2.2. Amyotrophic Lateral Sclerosis

ALS is a devastating neurodegenerative disease. It is the most common motor neuron disorder (MND) and is characterized by the degeneration of upper and lower motor neurons [72]. It is a fatal and progressive condition in which diagnosis is predominantly performed by clinical observation and may be delayed due to phenotypic heterogeneity [72,73,74]. The disease leads to progressive generalized paresis of bulbar, limb, thoracic, and abdominal muscles. Around 90% of the cases are sporadic, but 10% are familial; they can be inherited in an autosomal dominant, recessive, or X-linked manner [12,18,72,75,76]. Among the known pathophysiological mechanisms, oxidative stress and metabolic alterations, including lipid and glucose metabolism, have been described in patients with ALS, and deficient energy homeostasis has been shown in patients harboring the gene coding for superoxide dismutase 1 (SOD1) mutations [73,77,78,79,80]. Glutamate toxicity, apoptosis, and protein misfolding and aggregation are also related to the pathogenesis of ALS [8,9,10]. However, there is still a considerable lack of knowledge regarding the specific mechanism that underlies motor-neuron degeneration in ALS.
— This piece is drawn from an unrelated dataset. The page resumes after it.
(* Let $\psi=(N,h):\Sigma\to\mathbb{H}^2\times\mathbb{R}$ be a conformal immersion with regular vertical projection which, with respect to its canonical orientation ($u>0$), has constant mean curvature $H=1/2$. Then its hyperbolic Gauss map $G:\Sigma\to\mathbb{H}^2$ is harmonic, and $\langle G_z,G_z\rangle=-Q$, where $Q\,dz^2$ is the Abresch–Rosenberg differential of $\psi$.
   Context: $\mathbb{L}^4$ is $\mathbb{R}^4$ with metric $\langle,\rangle=-dx_0^2+dx_1^2+dx_2^2+dx_3^2$, $\mathbb{L}^3$ the subspace of the first three coordinates, $\mathbb{H}^2=\{x\in\mathbb{L}^3:\langle x,x\rangle=-1,x_0>0\}$, and $\mathbb{H}^2\times\mathbb{R}\subset\mathbb{L}^4$. A surface is a conformal immersion $\psi=(N,h):\Sigma\to\mathbb{H}^2\times\mathbb{R}$ of a connected Riemann surface, with $N:\Sigma\to\mathbb{H}^2$ (vertical projection), $h:\Sigma\to\mathbb{R}$ (height function, assumed not locally constant), induced metric $\lambda|dz|^2$ for a local conformal parameter $z$. Its unit normal $\eta=(\hat N,u)$ is the unit vector field in $\mathbb{L}^4$ orthogonal to $\psi_z,\psi_{\bar z}$ and to $N$ (i.e. normal to $\psi$ and tangent to $\mathbb{H}^2\times\mathbb{R}$); $u$ is the angle function. The Hopf differential is $p\,dz^2=-\langle\psi_z,\eta_z\rangle dz^2$, $H$ is the mean curvature, and the Abresch–Rosenberg differential is $Q\,dz^2$ with $Q=2Hp+h_z^2$. $\psi$ has regular vertical projection if $dN$ is an isomorphism everywhere, equivalently $u$ never vanishes; such a surface is canonically oriented so that $u>0$. Its hyperbolic Gauss map is the map $G:\Sigma\to\mathbb{H}^2$ defined by $(G,1)=\frac1u(\eta+N)$ (this vector lies in the future light cone and has last coordinate $1$). *)

theory Defs
  imports "HOL-Analysis.Analysis"
begin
In this context, metabolomics has been used in the past few decades to identify biomarkers that might improve diagnosis and prognosis and increase understanding of the disease mechanism. A study profiled 12 elevated compounds associated with the benzothiazole drug class, commonly used to treat the disorder, on plasma samples of patients with MND, including ALS [5]. Two of the most induced metabolites were not derived from the drug itself, and thus their levels might represent a metabolic signature that reflects modified metabolic processes [5]. This study also demonstrated that MND is, in general, more associated with a metabolomic downregulation pattern [5]. Additional studies have identified several metabolites in biofluids of patients with ALS; however, the most consistent finding in these studies has been identifying glutamate as an important circulating metabolite in patients with ALS [73,78,81,82]. This finding supports the hypothesis of glutamate toxicity in ALS. Hence, one study utilized H1NMR spectroscopy to examine the metabolite profile of serum from ALS patients and found an increase in glutamate level [81]. Moreover, they identified reduced levels of glutamine in the same patients and proposed that these results indicate an imbalance in the glutamate–glutamine conversion cycle that occurs during excitotoxicity [81]. The authors also identified increased formate in ALS patients, data that indicate higher production of acetate [81].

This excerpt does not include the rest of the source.